-- Opening Marker --

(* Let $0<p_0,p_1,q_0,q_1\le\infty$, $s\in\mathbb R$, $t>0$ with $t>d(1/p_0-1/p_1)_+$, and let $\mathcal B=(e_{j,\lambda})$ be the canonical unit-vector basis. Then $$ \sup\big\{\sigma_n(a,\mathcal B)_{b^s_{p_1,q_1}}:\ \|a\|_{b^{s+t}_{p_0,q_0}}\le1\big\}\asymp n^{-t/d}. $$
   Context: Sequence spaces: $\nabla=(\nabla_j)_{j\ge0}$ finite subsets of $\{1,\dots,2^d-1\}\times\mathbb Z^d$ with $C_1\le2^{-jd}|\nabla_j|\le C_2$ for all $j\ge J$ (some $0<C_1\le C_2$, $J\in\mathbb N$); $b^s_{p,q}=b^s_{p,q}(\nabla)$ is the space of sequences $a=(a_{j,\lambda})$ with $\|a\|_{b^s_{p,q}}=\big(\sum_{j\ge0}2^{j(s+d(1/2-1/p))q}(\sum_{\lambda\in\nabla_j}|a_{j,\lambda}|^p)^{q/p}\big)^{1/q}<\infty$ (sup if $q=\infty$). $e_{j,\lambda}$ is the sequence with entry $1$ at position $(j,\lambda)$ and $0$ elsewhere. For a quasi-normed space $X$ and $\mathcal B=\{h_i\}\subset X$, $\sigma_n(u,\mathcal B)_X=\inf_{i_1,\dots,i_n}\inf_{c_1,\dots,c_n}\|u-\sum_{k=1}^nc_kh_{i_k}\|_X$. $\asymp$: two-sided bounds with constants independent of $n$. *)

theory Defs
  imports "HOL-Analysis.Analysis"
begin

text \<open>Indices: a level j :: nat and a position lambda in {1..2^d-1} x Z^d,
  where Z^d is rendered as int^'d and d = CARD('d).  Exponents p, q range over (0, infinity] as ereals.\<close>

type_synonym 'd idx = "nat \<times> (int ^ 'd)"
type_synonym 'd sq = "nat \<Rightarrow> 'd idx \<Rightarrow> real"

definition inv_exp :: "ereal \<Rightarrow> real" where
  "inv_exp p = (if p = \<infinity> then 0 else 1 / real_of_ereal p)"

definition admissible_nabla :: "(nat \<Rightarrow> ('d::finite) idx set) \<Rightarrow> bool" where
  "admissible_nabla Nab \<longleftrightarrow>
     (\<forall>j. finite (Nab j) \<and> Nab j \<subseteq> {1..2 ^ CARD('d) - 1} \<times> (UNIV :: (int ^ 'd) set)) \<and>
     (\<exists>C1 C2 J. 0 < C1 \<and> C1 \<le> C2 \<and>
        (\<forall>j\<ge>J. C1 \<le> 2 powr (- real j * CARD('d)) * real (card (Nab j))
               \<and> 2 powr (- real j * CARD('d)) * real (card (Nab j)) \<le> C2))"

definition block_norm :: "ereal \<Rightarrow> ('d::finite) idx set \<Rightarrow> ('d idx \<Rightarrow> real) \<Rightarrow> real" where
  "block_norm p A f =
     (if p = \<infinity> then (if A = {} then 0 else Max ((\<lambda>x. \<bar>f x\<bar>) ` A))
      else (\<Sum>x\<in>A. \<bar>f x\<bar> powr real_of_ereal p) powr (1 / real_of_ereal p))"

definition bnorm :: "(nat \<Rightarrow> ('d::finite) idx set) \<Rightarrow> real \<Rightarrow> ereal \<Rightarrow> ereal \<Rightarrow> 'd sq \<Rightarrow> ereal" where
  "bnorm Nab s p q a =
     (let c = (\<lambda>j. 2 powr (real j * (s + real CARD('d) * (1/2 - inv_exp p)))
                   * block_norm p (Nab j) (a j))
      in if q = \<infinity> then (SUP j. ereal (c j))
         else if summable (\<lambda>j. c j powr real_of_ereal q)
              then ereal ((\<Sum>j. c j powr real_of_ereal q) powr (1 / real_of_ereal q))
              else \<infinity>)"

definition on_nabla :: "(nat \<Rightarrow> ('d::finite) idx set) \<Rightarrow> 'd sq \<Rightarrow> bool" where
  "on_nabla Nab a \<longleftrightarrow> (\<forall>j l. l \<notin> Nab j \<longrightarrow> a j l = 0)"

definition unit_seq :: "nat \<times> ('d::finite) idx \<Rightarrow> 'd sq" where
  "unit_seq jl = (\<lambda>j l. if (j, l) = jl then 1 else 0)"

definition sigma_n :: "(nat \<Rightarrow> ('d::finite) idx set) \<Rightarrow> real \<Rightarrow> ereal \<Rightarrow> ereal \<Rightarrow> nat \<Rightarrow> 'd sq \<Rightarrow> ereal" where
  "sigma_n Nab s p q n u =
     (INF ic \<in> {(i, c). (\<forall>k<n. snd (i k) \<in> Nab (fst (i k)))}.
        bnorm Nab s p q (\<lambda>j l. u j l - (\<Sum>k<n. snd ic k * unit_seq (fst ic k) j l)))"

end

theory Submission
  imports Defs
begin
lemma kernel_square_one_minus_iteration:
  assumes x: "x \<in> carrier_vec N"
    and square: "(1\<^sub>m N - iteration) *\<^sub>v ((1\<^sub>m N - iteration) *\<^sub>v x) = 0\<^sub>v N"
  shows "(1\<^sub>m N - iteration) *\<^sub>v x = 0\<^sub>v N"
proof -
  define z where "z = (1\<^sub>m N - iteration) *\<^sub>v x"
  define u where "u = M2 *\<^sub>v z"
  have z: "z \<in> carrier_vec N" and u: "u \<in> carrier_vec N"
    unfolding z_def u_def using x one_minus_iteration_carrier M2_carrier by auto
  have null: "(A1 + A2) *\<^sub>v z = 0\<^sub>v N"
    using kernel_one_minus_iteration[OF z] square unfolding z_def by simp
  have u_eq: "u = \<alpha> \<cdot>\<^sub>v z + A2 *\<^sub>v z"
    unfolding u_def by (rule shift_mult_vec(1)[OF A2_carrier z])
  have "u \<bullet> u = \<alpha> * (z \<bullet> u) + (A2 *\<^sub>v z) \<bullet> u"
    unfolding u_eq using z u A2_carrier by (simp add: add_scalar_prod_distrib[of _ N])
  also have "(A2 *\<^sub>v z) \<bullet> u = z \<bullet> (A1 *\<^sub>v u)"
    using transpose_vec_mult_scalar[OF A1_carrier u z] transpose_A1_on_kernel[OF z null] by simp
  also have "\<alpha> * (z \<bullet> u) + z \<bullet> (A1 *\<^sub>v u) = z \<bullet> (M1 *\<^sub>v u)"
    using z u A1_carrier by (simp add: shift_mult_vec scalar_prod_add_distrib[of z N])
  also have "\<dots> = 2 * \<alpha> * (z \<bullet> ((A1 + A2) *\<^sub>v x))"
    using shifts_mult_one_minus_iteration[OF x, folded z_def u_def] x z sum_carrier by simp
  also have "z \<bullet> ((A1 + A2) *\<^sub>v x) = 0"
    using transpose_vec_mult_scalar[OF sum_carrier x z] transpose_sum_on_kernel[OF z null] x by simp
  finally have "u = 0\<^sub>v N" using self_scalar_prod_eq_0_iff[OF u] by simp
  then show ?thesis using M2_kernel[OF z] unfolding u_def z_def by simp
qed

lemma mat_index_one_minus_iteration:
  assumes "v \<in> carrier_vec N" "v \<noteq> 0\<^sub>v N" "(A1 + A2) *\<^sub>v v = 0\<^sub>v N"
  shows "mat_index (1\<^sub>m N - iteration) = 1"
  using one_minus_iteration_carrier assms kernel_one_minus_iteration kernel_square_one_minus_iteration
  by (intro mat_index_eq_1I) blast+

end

-- Closing Marker --

Whenever a line in the entries holds the word "assumes", copy that line.

_FINAL ANSWER_.
  assumes x: "x \<in> carrier_vec N"
  assumes "v \<in> carrier_vec N" "v \<noteq> 0\<^sub>v N" "(A1 + A2) *\<^sub>v v = 0\<^sub>v N"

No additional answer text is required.